Покров темноты медленно рассеивался в лучах восходящего солнца. Лео с грустью подумал о рассветах над рекой Сват, которыми любовался в мирное время. О сверкающей ряби цвета золота и меди на широкой глади реки под небом, исчерченным пурпурными полосами зари. Но прежде чем он успел ответить мистеру Ричмонду, послышались изумленные возгласы защитников крепости. Сипаи и уланы в ужасе показывали на север. Склоны гор, нависавшие над холмом, где помещался форт, пестрели сотнями цветных знамен, развевавшихся на ветру. Люди — не тысячи, а бесчисленные десятки тысяч — стояли плечом к плечу стройными рядами, простиравшимися к югу и востоку, сколько хватал глаз. В бледных утренних лучах их белые туники сияли, словно свежевыпавший снег.
— Господь милосердный! — прошептал мистер Ричмонд, глядя на знамена. — Здесь весь Сват. И баджаурские племена, и бунервалы, и утманхельцы.

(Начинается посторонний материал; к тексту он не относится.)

text \<open>Conditionally on \<open>S = \<Sum>\<^sub>k w\<^sub>k\<^sub>j powr (1/\<alpha>) * Z\<^sub>k\<close>, the Frechet law
  of \<open>\<epsilon>\<^sub>j\<close> gives \<open>P(X\<^sub>j \<le> x | S) = exp (- t S)\<close> with \<open>t = (x/\<tau>) powr (-1/\<alpha>\<^sub>0)\<close>,
  so \<open>F\<^sub>j(x)\<close> is the Laplace transform of \<open>S\<close> at \<open>t\<close>; by independence it equals
  \<open>exp (- P t)\<close> with \<open>P t = \<Sum>\<^sub>k ((\<theta>\<^sub>k + t w\<^sub>k\<^sub>j powr (1/\<alpha>)) powr \<alpha> - \<theta>\<^sub>k powr \<alpha>)\<close>.
  If no component with \<open>\<theta>\<^sub>k = 0\<close> charges location \<open>j\<close>, only components with \<open>\<theta>\<^sub>k > 0\<close>
  contribute and \<open>P\<close> is smooth at \<open>0\<close>. Composing \<open>P t = C t + D t\<^sup>2 + o(t\<^sup>2)\<close> with
  \<open>1 - exp (- y) = y - y\<^sup>2/2 + o(y\<^sup>2)\<close> gives \<open>1 - F\<^sub>j = C t + (D - C\<^sup>2/2) t\<^sup>2 + o(t\<^sup>2)\<close>,
  which is the claim after substituting \<open>t\<close>.\<close>

lemma power2_powr: "(x powr r)\<^sup>2 = x powr (2 * r)" for x r :: real
  by (simp add: power2_eq_square powr_add[symmetric])

lemma one_plus_powr_second_order:
  fixes al :: real
  shows "((\<lambda>u. ((1 + u) powr al - 1 - al*u - al*(al-1)/2*u^2) / u^2) \<longlongrightarrow> 0) (at 0)"
  by real_asymp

Под испуганные, встревоженные крики солдат град пуль обрушился на форт. Неприступная с виду крепость, несокрушимая грозная твердыня, стоявшая на укрепленном холме, казалась игрушечной рядом с громадами гор, подступавшими к форту с севера, где теперь выстроились бесконечные ряды стрелков, держа на прицеле защитников форта.
Офицеры тотчас отрядили группу сипаев носить мешки с песком и камни для дополнительной защиты от снарядов противника. Мистер Ричмонд бросился им помогать. Лео с упавшим сердцем смотрел на мечущихся солдат. Он оказался дрянным защитником. Вместо того чтобы сопроводить Брайони в безопасное место, привез ее на поле сражения, в самое пекло. Подобного мятежа Индия не знала уже долгие годы. И не важно, что Брайони сама настаивала на этом путешествии, он должен был ее остановить и не сделал этого. Теперь ей грозила смертельная опасность. Если повстанцы захватят форт, двое незадачливых путешественников, выбравших не лучшее время и не лучшее место для своего похода, разделят судьбу остальных побежденных.
Лео поспешно отогнал от себя страшные картины, нарисованные его воображением. Но зловещие образы продолжали его преследовать. Вывернутая рука Брайони на земле. Ее щека, белая как мрамор. Блузка, залитая кровью.
У Лео перехватило дыхание. Он вдруг впервые понял, что значит не просто расстаться с Брайони, а потерять ее навеки. Нет, этого он не вынесет.
Брайони думала, что мучительная тревога и грохот орудийного огня не дадут ей уснуть, но вскоре задремала, склонив голову на стол гарнизонного врача, капитана Гиббза. Его руководство по военно-полевой хирургии, открытое на странице с описаниями огнестрельных ранений, лежало перед ней на столе. Ей снились цирковые пушки и тягостная процедура скрепления проволокой раздробленного колена.
Шум битвы убаюкивал, словно зловещая колыбельная. Когда гром орудий затихал, Брайони беспокойно ворочалась, готовая проснуться, но стоило грохоту усилиться, она глубже погружалась в сон. Свист пуль, треск выстрелов, крики людей, дробь шагов — все сливалось в один монотонный грозный рев.